Stock Option Plan and Management Recognition Plan. Pursuant to the Stock Option Plan, options vest at a rate of 20 percent per year over a five-year period. In the second quarter of fiscal 2003, no options were granted, while 16,875 options were exercised. As of December 31, 2002, a total of 637,625 options were outstanding with an average exercise price of $11.52 per share and an average remaining life of 5.36 years.

Pursuant to the Management Recognition Plan, the restricted shares awarded under the plan vest at a rate of 20 percent per year over a five-year period. In the second quarter of fiscal 2003, no MRP shares were awarded. As of December 31, 2002, a total of 33,329 shares were allocated and outstanding, pending their respective distribution schedules.


Supplemental Information


December 31,
2002
June 30,
2002
December 31,
2002

 
Loans serviced for others (in thousands) $  108,724 $  136,059 $  170,261
 
Book value per share $      19.91 $      18.86 $      17.99

 


Forward-Looking Statements


Certain matters in this quarterly report on Form 10-Q for the quarter ended December 31, 2002 constitute forward-looking statements within the meaning of the Private Securities Litigation Reform Act of 1995. These forward-looking statements relate to, among others, expectations of the business environment in which the Corporation operates, projections of future performance, perceived opportunities in the market, potential future credit experience, and statements regarding the Corporation's mission and vision.

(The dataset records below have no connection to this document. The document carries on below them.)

lemma left_ideal_sum:
  assumes "left_ideal I" "left_ideal K"
  shows "left_ideal {i + k |i k. i \<in> I \<and> k \<in> K}"
  unfolding left_ideal_def
proof (intro conjI ballI allI)
  have "(0::'a) = 0 + 0" by simp
  then show "0 \<in> {i + k |i k. i \<in> I \<and> k \<in> K}"
    using assms left_ideal_zero by blast
  fix x y r
  assume "x \<in> {i + k |i k. i \<in> I \<and> k \<in> K}"
  then obtain i k where x: "x = i + k" "i \<in> I" "k \<in> K" by blast
  have "- x = - i + - k" "r * x = r * i + r * k"
    using x(1) by (simp_all add: distrib_left)
  then show "- x \<in> {i + k |i k. i \<in> I \<and> k \<in> K}" "r * x \<in> {i + k |i k. i \<in> I \<and> k \<in> K}"
    using x assms left_ideal_uminus left_ideal_mult_left by blast+
  assume "y \<in> {i + k |i k. i \<in> I \<and> k \<in> K}"
  then obtain i' k' where y: "y = i' + k'" "i' \<in> I" "k' \<in> K" by blast
  have "x + y = (i + i') + (k + k')"
    using x(1) y(1) by (simp add: algebra_simps)
  then show "x + y \<in> {i + k |i k. i \<in> I \<and> k \<in> K}"
    using x y assms left_ideal_add by blast
qed

lemma two_sided_ideal_sum:
  assumes "two_sided_ideal I" "two_sided_ideal K"
  shows "two_sided_ideal {i + k |i k. i \<in> I \<and> k \<in> K}"
proof -
  have "left_ideal {i + k |i k. i \<in> I \<and> k \<in> K}"
    using assms by (intro left_ideal_sum) (simp_all add: two_sided_ideal_iff_left_ideal)
  moreover have "x * r \<in> {i + k |i k. i \<in> I \<and> k \<in> K}"
    if x: "x \<in> {i + k |i k. i \<in> I \<and> k \<in> K}" for x r
  proof -
    obtain i k where "x = i + k" "i \<in> I" "k \<in> K" using x by blast
    moreover have "x * r = i * r + k * r" using \<open>x = i + k\<close> by (simp add: distrib_right)
    ultimately show ?thesis using assms two_sided_ideal_mult_right by blast
  qed
  ultimately show ?thesis by (simp add: two_sided_ideal_iff_left_ideal)
qed

lemma left_ideal_principal: "left_ideal (range (\<lambda>r. r * x))"
proof -
  have "0 = 0 * x" "r * x + r' * x = (r + r') * x" "- (r * x) = (- r) * x" "t * (r * x) = (t * r) * x"
    for r r' t :: 'a
    by (simp_all add: distrib_right mult.assoc)
  then show ?thesis unfolding left_ideal_def by blast
qed

lemma maximal_ideal_two_sided: "maximal_ideal P \<Longrightarrow> two_sided_ideal P"
  and maximal_ideal_one: "maximal_ideal P \<Longrightarrow> 1 \<notin> P"
  unfolding maximal_ideal_def using two_sided_ideal_one_iff by blast+

lemma maximal_ideal_eqI:
  "maximal_ideal P \<Longrightarrow> two_sided_ideal I \<Longrightarrow> P \<subseteq> I \<Longrightarrow> I \<noteq> UNIV \<Longrightarrow> I = P"
  unfolding maximal_ideal_def by blast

These forward-looking statements are based upon current management expectations, and may, therefore, involve risks and uncertainties. The Corporation's actual results, performance, or achievements may differ materially from those suggested, expressed, or implied by forward-looking statements due to a wide range of factors including, but not limited to, the general business environment, interest rates, the California real estate market, competitive conditions between banks and non-ban k financial services providers, regulatory changes, and other risks detailed in the Corporation's reports filed with the Securities and Exchange Commission, including the Annual Report on Form 10-K for the fiscal year ended June 30, 2002. Forward-looking statements are effective only as of the date that they are made and the Corporation assumes no obligation to update this information.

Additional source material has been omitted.